With this method we will specify the FPLO run directory.

For example, the following will automatically load band data from +band or +band_kp, whichever is available. It will also process all k-points, so they lie within the first Brillouin zone.

from fplore import FPLORun
run = FPLORun("/home/jdoe/fplo_run/")
band_data = run.band.data

You can also specify the filename directly.

band_data = run['+band_kp'].data

For example, you can access arbitrary configuration settings from your =.in like so:

In [3]: run["=.in"].sections
Out[3]: dict_keys(['header', 'structure_information', 'structure_dependend', 'mesh', 'brillouin', 'bandstructure_plot', 'iteration_control', 'forces', 'options', 'cpa', 'numerics', 'LSDA_U', 'OPC', 'Advanced_output'])

In [4]: run["=.in"].structure_information
Out[4]: {'structure_type': {'type': 1, 'description': 'Crystal'}, 'spacegroup': {'number': 139, 'symbol': 'I4/MMM'}, 'subgroupgenerators': [], 'lengthunit': {'type': 2, 'description': 'Angstroem'}, 'lattice_constants': [4.0345, 4.0345, 9.828], 'axis_angles': [90.0, 90.0, 90.0], 'max_L': 4, 'nsort': 3, 'wyckoff_positions': [{'element': 'Yb', 'tau': [0, 0, 0]}, {'element': 'Ir', 'tau': [Fraction(1, 2), 0, Fraction(-1, 4)]}, {'element': 'Si', 'tau': [0, 0, 0.3807989986]}]}

In [5]: run["=.in"].structure_information.lengthunit.description
Out[5]: 'Angstroem'

Usage method 2

If you just want to use fplore to load the raw data of some file and nothing more, you can manually load a file by running

from fplore.files import FPLOFile
band = FPLOFile.load("/home/jdoe/fplo_run/+band)
raw_band_data = band.data

Which will automatically pick the correct loader class based on the filename.

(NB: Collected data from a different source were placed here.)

(* Let $S=\{v_1,\ldots,v_n\}\subset\mathbb Z^n$, $n\ge3$, be non-acute, and suppose there are indices $i,s,t,u$ with $E_i=\{s,t,u\}$, $\langle v_s,v_t\rangle=-1$, $\langle v_s,e_i\rangle=-\langle v_t,e_i\rangle=\pm1$, $|\langle v_u,e_i\rangle|=1$ and $\langle v_u,v_u\rangle\ge3$. Let $$S'=(S\setminus\{v_s,v_t,v_u\})\cup\{v_s+v_t,\ v_u-\langle v_u,e_i\rangle e_i\}\subset\mathbb Z^{n-1}=\langle e_1,\ldots,e_{i-1},e_{i+1},\ldots,e_n\rangle$$ be the corresponding contraction. Write $\sum_{v\in S}v=\sum_{\alpha=1}^n k_\alpha e_\alpha$ and $\sum_{v\in S'}v=\sum_{\alpha\ne i}k'_\alpha e_\alpha$, and let $R_o^S=\{\alpha: k_\alpha \text{ odd}\}$, $R_o^{S'}=\{\alpha\ne i: k'_\alpha\text{ odd}\}$. Then $$\sum_{\alpha=1}^n k_\alpha^2>4n-3|R_o^S|\quad\Longleftrightarrow\quad \sum_{\alpha\ne i}k_\alpha'^2>4(n-1)-3|R_o^{S'}|.$$
   Context: $\mathbb Z^n$ carries the standard dot product with standard basis $e_1,\ldots,e_n$. For $S=\{v_1,\ldots,v_n\}$, $E_j=\{\alpha:\langle v_\alpha,e_j\rangle\ne0\}$. $S$ is non-acute if $a_\alpha:=\langle v_\alpha,v_\alpha\rangle\ge1$ for all $\alpha$, $\langle v_\alpha,v_\beta\rangle\le0$ for $\alpha\ne\beta$, and $a_\alpha\ge-\sum_{\beta\ne\alpha}\langle v_\beta,v_\alpha\rangle$ for all $\alpha$. The inequality $\sum k_\alpha^2>4n-3|R_o|$ for a subset of $n$ vectors in $\mathbb Z^n$ with Wu element $\sum k_\alpha e_\alpha$ is the "Wu obstruction". *)

theory Defs
  imports Main
begin

text \<open>A family of vectors in Z^n is a function v :: nat => nat => int, where v a j is
  the j-th coordinate (pairing with e_j) of the a-th vector. Vectors are indexed by a
  finite index set I, coordinates by a finite coordinate set J.\<close>

definition ip :: "nat set \<Rightarrow> (nat \<Rightarrow> int) \<Rightarrow> (nat \<Rightarrow> int) \<Rightarrow> int" where
  "ip J x y = (\<Sum>j\<in>J. x j * y j)"

definition Eset :: "nat set \<Rightarrow> (nat \<Rightarrow> nat \<Rightarrow> int) \<Rightarrow> nat \<Rightarrow> nat set" where
  "Eset I v j = {a \<in> I. v a j \<noteq> 0}"

definition non_acute :: "nat set \<Rightarrow> nat set \<Rightarrow> (nat \<Rightarrow> nat \<Rightarrow> int) \<Rightarrow> bool" where
  "non_acute I J v \<longleftrightarrow>
     (\<forall>a\<in>I. ip J (v a) (v a) \<ge> 1) \<and>
     (\<forall>a\<in>I. \<forall>b\<in>I. a \<noteq> b \<longrightarrow> ip J (v a) (v b) \<le> 0) \<and>
     (\<forall>a\<in>I. ip J (v a) (v a) \<ge> - (\<Sum>b\<in>I - {a}. ip J (v b) (v a)))"

definition wu :: "nat set \<Rightarrow> (nat \<Rightarrow> nat \<Rightarrow> int) \<Rightarrow> nat \<Rightarrow> int" where
  "wu I v j = (\<Sum>a\<in>I. v a j)"

text \<open>Wu obstruction for n vectors in Z^n (index set I, coordinate set J, card J = card I = n).\<close>
definition wu_obstruction :: "nat set \<Rightarrow> nat set \<Rightarrow> (nat \<Rightarrow> nat \<Rightarrow> int) \<Rightarrow> bool" where
  "wu_obstruction I J v \<longleftrightarrow>
     (\<Sum>j\<in>J. (wu I v j)^2) > 4 * int (card I) - 3 * int (card {j\<in>J. odd (wu I v j)})"

text \<open>The contraction: index t is removed, v_s is replaced by v_s + v_t, v_u by
  v_u - <v_u,e_i> e_i, the other vectors are kept; coordinate i is dropped
  (the new coordinate set is {1..n} - {i}, the new index set {1..n} - {t}).\<close>
definition contraction :: "(nat \<Rightarrow> nat \<Rightarrow> int) \<Rightarrow> nat \<Rightarrow> nat \<Rightarrow> nat \<Rightarrow> nat \<Rightarrow> nat \<Rightarrow> nat \<Rightarrow> int" where
  "contraction v i s t u a j =
     (if a = s then v s j + v t j
      else if a = u then v u j - (if j = i then v u i else 0)
      else v a j)"

end

theory Submission
  imports Defs
begin

text \<open>Every coordinate of the Wu element except the i-th is unchanged by the contraction,
  because v_s + v_t replaces v_s and v_t, and v_u changes only in coordinate i. The i-th
  coordinate is v_s i + v_t i + v_u i = v_u i = +-1, so removing one vector and this
  coordinate lowers both sides of the Wu inequality by exactly one.\<close>

lemma wu_eq_sum_Eset:
  assumes "finite I"
  shows "wu I v j = (\<Sum>a\<in>Eset I v j. v a j)"
  unfolding wu_def Eset_def by (rule sum.mono_neutral_right) (use assms in auto)

lemma wu_contraction:
  assumes "finite I" "s \<in> I" "t \<in> I" "s \<noteq> t" "j \<noteq> i"
  shows "wu (I - {t}) (contraction v i s t u) j = wu I v j"
proof -
  have "wu (I - {t}) (contraction v i s t u) j = (\<Sum>a\<in>I - {t}. v a j + (if a = s then v t j else 0))"
    unfolding wu_def contraction_def using assms(5) by (intro sum.cong) auto
  also have "\<dots> = (\<Sum>a\<in>I - {t}. v a j) + v t j"
    using assms by (simp add: sum.distrib)
  also have "\<dots> = wu I v j"
    unfolding wu_def using sum.remove[OF assms(1,3), of "\<lambda>a. v a j"] by simp
  finally show ?thesis .
qed

lemma wu_obstruction_drop_unit_coordinate:
  assumes "finite I" "t \<in> I" "finite J" "i \<in> J" "\<bar>wu I v i\<bar> = 1"
    and same: "\<And>j. j \<in> J - {i} \<Longrightarrow> wu (I - {t}) w j = wu I v j"
  shows "wu_obstruction I J v \<longleftrightarrow> wu_obstruction (I - {t}) (J - {i}) w"
proof -
  have unit: "wu I v i = 1 \<or> wu I v i = -1"
    using assms(5) by linarith
  have squares: "(\<Sum>j\<in>J. (wu I v j)^2) = (\<Sum>j\<in>J - {i}. (wu (I - {t}) w j)^2) + 1"
    using sum.remove[OF assms(3,4), of "\<lambda>j. (wu I v j)^2"] unit same by auto
  have "{j\<in>J. odd (wu I v j)} = insert i {j\<in>J - {i}. odd (wu (I - {t}) w j)}"
    using assms(4) unit same by auto
  then have odds: "card {j\<in>J. odd (wu I v j)} = card {j\<in>J - {i}. odd (wu (I - {t}) w j)} + 1"
    using assms(3) by simp
  have "card I = card (I - {t}) + 1"
    using assms(1,2) card_Suc_Diff1 by fastforce
  then show ?thesis
    unfolding wu_obstruction_def squares odds by auto
qed

theorem lemma1p9:
  fixes n :: nat and v :: "nat \<Rightarrow> nat \<Rightarrow> int" and i s t u :: nat
  assumes "n \<ge> 3"
    and "non_acute {1..n} {1..n} v"
    and "i \<in> {1..n}"
    and "s \<noteq> t" and "s \<noteq> u" and "t \<noteq> u"
    and "Eset {1..n} v i = {s, t, u}"
    and "ip {1..n} (v s) (v t) = -1"
    and "v s i = - v t i" and "\<bar>v s i\<bar> = 1"
    and "\<bar>v u i\<bar> = 1"
    and "ip {1..n} (v u) (v u) \<ge> 3"
  shows "wu_obstruction {1..n} {1..n} v \<longleftrightarrow>
         wu_obstruction ({1..n} - {t}) ({1..n} - {i}) (contraction v i s t u)"
proof -
  have stu: "s \<in> {1..n}" "t \<in> {1..n}" "u \<in> {1..n}"
    using assms(7) unfolding Eset_def by auto
  have "wu {1..n} v i = v s i + v t i + v u i"
    using wu_eq_sum_Eset[of "{1..n}" v i] assms(4-7) by simp
  then have "\<bar>wu {1..n} v i\<bar> = 1"
    using assms(9,11) by simp
  then show ?thesis
    using wu_obstruction_drop_unit_coordinate[of "{1..n}" t "{1..n}" i v] wu_contraction stu assms(3,4)
    by simp
qed

end
(*
  Write sign b = (-1)^b and, for 0 <= c < 2^s, let pos c j = (t + tau_c) mod T_j, so that
  the c-th evaluation of f in PC(t) reads the input vector y_c(X) = (x_j(pos c j))_j.

  (1) Harmonic analysis on F_2^n: Fourier inversion
        sign (f y) = sum_beta bias(f + phi_beta) * sign (beta . y).
  (2) Expanding the product over c of these expansions gives a sum over families
      B = (beta_c)_c.  Summing over all T_1 + ... + T_n input bits, the term of B survives
      (with weight 2^(T_1+...+T_n)) iff B is "balanced": for every variable j and residue r
      an even number of c with pos c j = r have beta_c,j = 1.  This holds for arbitrary
      positions and yields the general expansion  parity_check_bias.
  (3) Under Assumption (G) the fibres of c |-> pos c j are {c} for j > k and the pairs
      {c, c with bit i-1 flipped} for j in block i.  Hence the balanced families are
      exactly c |-> chi(c, alpha), bijectively in alpha  (bij_chi_family).
  The theorem follows by reindexing the sum of (2) along the bijection of (3).
*)


section \<open>Bit manipulations\<close>

text \<open>Deleting bit p of c (i.e. delbit c (Suc p)) and its right inverse, inserting a zero bit
  at position p.\<close>

definition insbit :: "nat \<Rightarrow> nat \<Rightarrow> nat" where
  "insbit m p = push_bit (Suc p) (drop_bit p m) + take_bit p m"

context
  includes bit_operations_syntax
begin

lemma bit_delbit:
  "bit (delbit c (Suc p)) m \<longleftrightarrow> (if m < p then bit c m else bit c (Suc m))"
proof -
  have "delbit c (Suc p) = push_bit p (drop_bit (Suc p) c) + take_bit p c"
    by (simp add: delbit_def push_bit_eq_mult drop_bit_eq_div take_bit_eq_mod mult.commute)
  also have "\<dots> = push_bit p (drop_bit (Suc p) c) OR take_bit p c"
    by (rule disjunctive_add) (auto simp: bit_simps)
  finally show ?thesis by (auto simp: bit_simps)
qed

lemma bit_insbit:
  "bit (insbit m p) i \<longleftrightarrow> (if i < p then bit m i else if i = p then False else bit m (i - 1))"
proof -
  have "insbit m p = push_bit (Suc p) (drop_bit p m) OR take_bit p m"
    unfolding insbit_def by (rule disjunctive_add) (auto simp: bit_simps)
  then have "bit (insbit m p) i \<longleftrightarrow> (Suc p \<le> i \<and> bit m (p + (i - Suc p))) \<or> (i < p \<and> bit m i)"
    by (simp only: bit_or_iff bit_push_bit_iff bit_drop_bit_eq bit_take_bit_iff comp_def
        possible_bit_def) auto
  then show ?thesis by (cases "i < p"; cases "i = p") (auto simp: Suc_diff_Suc)
qed

end

lemma less_pow2_iff_bits: "(c::nat) < 2 ^ s \<longleftrightarrow> (\<forall>i. bit c i \<longrightarrow> i < s)"
  by (auto simp: take_bit_nat_eq_self_iff[symmetric] bit_eq_iff bit_take_bit_iff)

lemma delbit_insbit: "delbit (insbit m p) (Suc p) = m"
  by (rule bit_eqI) (auto simp: bit_delbit bit_insbit)

lemma insbit_delbit: "insbit (delbit c (Suc p)) p = unset_bit p c"
  by (rule bit_eqI) (auto simp: bit_delbit bit_insbit bit_simps)

lemma delbit_flip_bit: "delbit (flip_bit p c) (Suc p) = delbit c (Suc p)"
  by (rule bit_eqI) (auto simp: bit_delbit bit_simps)

lemma insbit_less: "m < 2 ^ (s - 1) \<Longrightarrow> p < s \<Longrightarrow> insbit m p < 2 ^ s"
  by (auto simp: less_pow2_iff_bits bit_insbit)

lemma delbit_less: "c < 2 ^ s \<Longrightarrow> p < s \<Longrightarrow> delbit c (Suc p) < 2 ^ (s - 1)"
  by (auto simp: less_pow2_iff_bits bit_delbit split: if_splits)

lemma flip_bit_less: "c < 2 ^ s \<Longrightarrow> p < s \<Longrightarrow> flip_bit p (c::nat) < 2 ^ s"
  by (auto simp: less_pow2_iff_bits bit_simps)

lemma flip_bit_flip_bit: "flip_bit p (flip_bit p c) = (c::nat)"
  by (rule bit_eqI) (auto simp: bit_flip_bit_iff)

lemma flip_bit_neq: "flip_bit p c \<noteq> (c::nat)"
  using bit_flip_bit_iff[of p c p] by auto

lemma unset_bit_eq_iff: "unset_bit p x = unset_bit p c \<longleftrightarrow> x = c \<or> x = flip_bit p (c::nat)"
proof
  assume eq: "unset_bit p x = unset_bit p c"
  then have agree: "bit x i = bit c i" if "i \<noteq> p" for i
    using that by (metis bit_unset_bit_iff)
  show "x = c \<or> x = flip_bit p c"
  proof (cases "bit x p = bit c p")
    case True
    then have "x = c" by (intro bit_eqI) (metis agree)
    then show ?thesis ..
  next
    case False
    have "bit x i = bit (flip_bit p c) i" for i
      using False agree[of i] by (cases "i = p") (auto simp: bit_flip_bit_iff)
    then have "x = flip_bit p c" by (rule bit_eqI)
    then show ?thesis ..
  qed
next
  assume "x = c \<or> x = flip_bit p c"
  then show "unset_bit p x = unset_bit p c" by (auto intro!: bit_eqI simp: bit_simps)
qed

lemma even_card_involution:
  assumes "finite S" and closed: "\<forall>x\<in>S. g x \<in> S"
    and invol: "\<forall>x. g (g x) = x" and no_fix: "\<forall>x. g x \<noteq> x"
  shows "even (card S)"
  using assms(1) closed
proof (induction S rule: finite_psubset_induct)
  case (psubset S)
  show ?case
  proof (cases "S = {}")
    case False
    then obtain x where x: "x \<in> S" by blast
    define S' where "S' = S - {x, g x}"
    have gx: "g x \<in> S" "g x \<noteq> x" using x psubset.prems no_fix by auto
    have "\<forall>y\<in>S'. g y \<in> S'"
      unfolding S'_def using psubset.prems invol by (metis Diff_iff insert_iff singletonD)
    then have "even (card S')" using x by (intro psubset.IH) (auto simp: S'_def)
    moreover have "card S = card S' + 2"
    proof -
      have "card {x, g x} = 2" "{x, g x} \<subseteq> S" using x gx by auto
      then show ?thesis using psubset.hyps card_mono[OF psubset.hyps \<open>{x, g x} \<subseteq> S\<close>]
        unfolding S'_def by (simp add: card_Diff_subset)
    qed
    ultimately show ?thesis by simp
  qed simp
qed


section \<open>Signs and Fourier analysis on F_2^n\<close>

definition sign :: "bool \<Rightarrow> real" where
  "sign b = (if b then -1 else 1)"

lemma sign_odd_card:
  "finite A \<Longrightarrow> sign (odd (card {c\<in>A. P c})) = (\<Prod>c\<in>A. sign (P c))"
proof (induction A rule: finite_induct)
  case (insert x A)
  show ?case
  proof (cases "P x")
    case True
    then have "{c\<in>insert x A. P c} = insert x {c\<in>A. P c}" by auto
    then have "card {c\<in>insert x A. P c} = Suc (card {c\<in>A. P c})" using insert.hyps by simp
    then show ?thesis using True insert by (simp add: sign_def split: if_splits)
  next
    case False
    then have "{c\<in>insert x A. P c} = {c\<in>A. P c}" by auto
    then show ?thesis using False insert by (simp add: sign_def)
  qed
qed (simp add: sign_def)

lemma sign_xor: "sign (a \<noteq> b) = sign a * sign b"
  by (simp add: sign_def)

lemma bias_sign: "bias n h = (\<Sum>x\<in>F2vecs n. sign (h x)) / 2 ^ n"
  unfolding bias_def sign_def ..

lemma sign_lin: "sign (lin n \<beta> x) = (\<Prod>j\<in>{1..n}. sign (\<beta> j \<and> x j))"
  unfolding lin_def by (rule sign_odd_card) simp

lemma finite_F2vecs: "finite (F2vecs n)"
  unfolding F2vecs_def by (simp add: finite_PiE)

lemma prod_if_zero:
  "finite I \<Longrightarrow> (\<Prod>i\<in>I. if P i then (a i :: real) else 0) = (if \<forall>i\<in>I. P i then \<Prod>i\<in>I. a i else 0)"
  by (induction I rule: finite_induct) auto

lemma sum_prod_sign_conj:
  assumes "finite I"
  shows "(\<Sum>\<beta>\<in>PiE I (\<lambda>_. UNIV). \<Prod>i\<in>I. sign (\<beta> i \<and> e i))
           = (if \<forall>i\<in>I. \<not> e i then 2 ^ card I else 0)"
proof -
  have "(\<Sum>\<beta>\<in>PiE I (\<lambda>_. UNIV). \<Prod>i\<in>I. sign (\<beta> i \<and> e i)) = (\<Prod>i\<in>I. \<Sum>b\<in>UNIV. sign (b \<and> e i))"
    using assms by (simp add: prod_sum_PiE)
  also have "\<dots> = (\<Prod>i\<in>I. if \<not> e i then 2 else 0)"
    by (intro prod.cong) (auto simp: UNIV_bool sign_def)
  finally show ?thesis using assms by (simp add: prod_if_zero)
qed

lemma lin_orthogonality:
  assumes x: "x \<in> F2vecs n" and y: "y \<in> F2vecs n"
  shows "(\<Sum>\<beta>\<in>F2vecs n. sign (lin n \<beta> x) * sign (lin n \<beta> y)) = (if x = y then 2 ^ n else 0)"
proof -
  have "sign (lin n \<beta> x) * sign (lin n \<beta> y) = (\<Prod>j\<in>{1..n}. sign (\<beta> j \<and> (x j \<noteq> y j)))" for \<beta>
    unfolding sign_lin prod.distrib[symmetric] by (intro prod.cong refl) (simp add: sign_def)
  then have "(\<Sum>\<beta>\<in>F2vecs n. sign (lin n \<beta> x) * sign (lin n \<beta> y))
      = (if \<forall>j\<in>{1..n}. \<not> (x j \<noteq> y j) then 2 ^ card {1..n} else 0)"
    unfolding F2vecs_def by (simp add: sum_prod_sign_conj)
  moreover have "(\<forall>j\<in>{1..n}. \<not> (x j \<noteq> y j)) \<longleftrightarrow> x = y"
    using x y unfolding F2vecs_def by (auto intro: PiE_ext)
  ultimately show ?thesis by simp
qed

lemma fourier_inversion:
  assumes y: "y \<in> F2vecs n"
  shows "sign (f y) = (\<Sum>\<beta>\<in>F2vecs n. bias n (\<lambda>x. f x \<noteq> lin n \<beta> x) * sign (lin n \<beta> y))"
proof -
  have "(\<Sum>\<beta>\<in>F2vecs n. bias n (\<lambda>x. f x \<noteq> lin n \<beta> x) * sign (lin n \<beta> y))
      = (\<Sum>\<beta>\<in>F2vecs n. \<Sum>x\<in>F2vecs n. sign (f x) * (sign (lin n \<beta> x) * sign (lin n \<beta> y))) / 2 ^ n"
    unfolding bias_sign sign_xor sum_divide_distrib
    by (intro sum.cong refl) (simp add: sum_distrib_right mult.assoc)
  also have "\<dots> = (\<Sum>x\<in>F2vecs n. sign (f x) * (\<Sum>\<beta>\<in>F2vecs n. sign (lin n \<beta> x) * sign (lin n \<beta> y))) / 2 ^ n"
    by (subst sum.swap) (simp only: sum_distrib_left)
  also have "\<dots> = (\<Sum>x\<in>F2vecs n. if x = y then sign (f x) * 2 ^ n else 0) / 2 ^ n"
    using y by (intro arg_cong[where f="\<lambda>z. z / 2 ^ n"] sum.cong refl) (simp add: lin_orthogonality)
  also have "\<dots> = sign (f y)" using finite_F2vecs y by simp
  finally show ?thesis ..
qed


section \<open>Parity checks of periodic sequences at arbitrary positions\<close>

definition balanced ::
    "'c set \<Rightarrow> nat \<Rightarrow> (nat \<Rightarrow> nat) \<Rightarrow> ('c \<Rightarrow> nat \<Rightarrow> nat) \<Rightarrow> ('c \<Rightarrow> nat \<Rightarrow> bool) \<Rightarrow> bool" where
  "balanced C n T pos B \<longleftrightarrow>
     (\<forall>j\<in>{1..n}. \<forall>r<T j. even (card {c\<in>C. B c j \<and> pos c j = r}))"

lemma prod_sign_lin_regroup:
  fixes pos :: "'c \<Rightarrow> nat \<Rightarrow> nat"
  assumes "finite C" and pos_less: "\<forall>c\<in>C. \<forall>j\<in>{1..n}. pos c j < T j"
  shows "(\<Prod>c\<in>C. sign (lin n (B c) (\<lambda>j\<in>{1..n}. X j (pos c j))))
       = (\<Prod>j\<in>{1..n}. \<Prod>r\<in>{..<T j}. sign (X j r \<and> odd (card {c\<in>C. B c j \<and> pos c j = r})))"
proof -
  have fibre: "(\<Prod>c\<in>{c\<in>C. pos c j = r}. sign (B c j \<and> X j (pos c j)))
      = sign (X j r \<and> odd (card {c\<in>C. B c j \<and> pos c j = r}))" for j r
  proof -
    have "(\<Prod>c\<in>{c\<in>C. pos c j = r}. sign (B c j \<and> X j (pos c j)))
        = (\<Prod>c\<in>{c\<in>C. pos c j = r}. sign (X j r \<and> B c j))"
      by (intro prod.cong refl) (auto simp: conj_commute)
    also have "\<dots> = sign (odd (card {c\<in>{c\<in>C. pos c j = r}. X j r \<and> B c j}))"
      by (rule sign_odd_card[symmetric]) (use assms(1) in simp)
    also have "{c\<in>{c\<in>C. pos c j = r}. X j r \<and> B c j}
        = (if X j r then {c\<in>C. B c j \<and> pos c j = r} else {})"
      by auto
    finally show ?thesis by (simp add: sign_def)
  qed
  have "(\<Prod>c\<in>C. sign (lin n (B c) (\<lambda>j\<in>{1..n}. X j (pos c j))))
      = (\<Prod>j\<in>{1..n}. \<Prod>c\<in>C. sign (B c j \<and> X j (pos c j)))"
    unfolding sign_lin by (subst prod.swap) (intro prod.cong refl; simp)
  also have "\<dots> = (\<Prod>j\<in>{1..n}. \<Prod>r\<in>{..<T j}. \<Prod>c\<in>{c\<in>C. pos c j = r}. sign (B c j \<and> X j (pos c j)))"
    using assms by (intro prod.cong refl prod.group[symmetric]) auto
  finally show ?thesis by (simp only: fibre)
qed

If the files are renamed and this fails, you can manually specify the loader class. See fplore.files.base.FPLOFile.registry for the appropriate loader class. For example:

from fplore.files import Band
band = Band("/home/jdoe/fplo_run/+band_old")
raw_band_data = band.data

Some FPLORun properties (excerpt)

In [1]: run.spacegroup_number
Out[1]: 139
In [2]: run.spacegroup
Out[2]: <pymatgen.symmetry.groups.cached_class.<locals>._decorated object at 0x7ff1609ca668>
In [3]: run.lattice
Out[3]: Lattice
    abc : 4.0345 4.0345 9.828
 angles : 90.0 90.0 90.0
 volume : 159.97222577700003
      A : 4.0345 0.0 2.4704187555799985e-16
      B : 6.48797083012039e-16 4.0345 2.4704187555799985e-16
      C : 0.0 0.0 9.828
In [4]: run.structure
Out[4]: Structure Summary
Lattice
    abc : 4.0345 4.0345 9.828
 angles : 90.0 90.0 90.0
 volume : 159.97222577700003
      A : 4.0345 0.0 2.4704187555799985e-16
      B : 6.48797083012039e-16 4.0345 2.4704187555799985e-16
      C : 0.0 0.0 9.828
PeriodicSite: Yb (0.0000, 0.0000, 0.0000) [0.0000, 0.0000, 0.0000]
PeriodicSite: Yb (2.0173, 2.0173, 4.9140) [0.5000, 0.5000, 0.5000]
PeriodicSite: Ir (2.0173, 0.0000, 7.3710) [0.5000, 0.0000, 0.7500]
PeriodicSite: Ir (0.0000, 2.0173, 7.3710) [0.0000, 0.5000, 0.7500]
PeriodicSite: Ir (2.0173, 0.0000, 2.4570) [0.5000, 0.0000, 0.2500]
PeriodicSite: Ir (0.0000, 2.0173, 2.4570) [0.0000, 0.5000, 0.2500]
PeriodicSite: Si (0.0000, 0.0000, 3.7425) [0.0000, 0.0000, 0.3808]
PeriodicSite: Si (0.0000, 0.0000, 6.0855) [0.0000, 0.0000, 0.6192]
PeriodicSite: Si (2.0173, 2.0173, 8.6565) [0.5000, 0.5000, 0.8808]
PeriodicSite: Si (2.0173, 2.0173, 1.1715) [0.5000, 0.5000, 0.1192]

Running the examples

You can run the examples in the examples subdirectory by running them as a module, for example python -m examples.band_plot.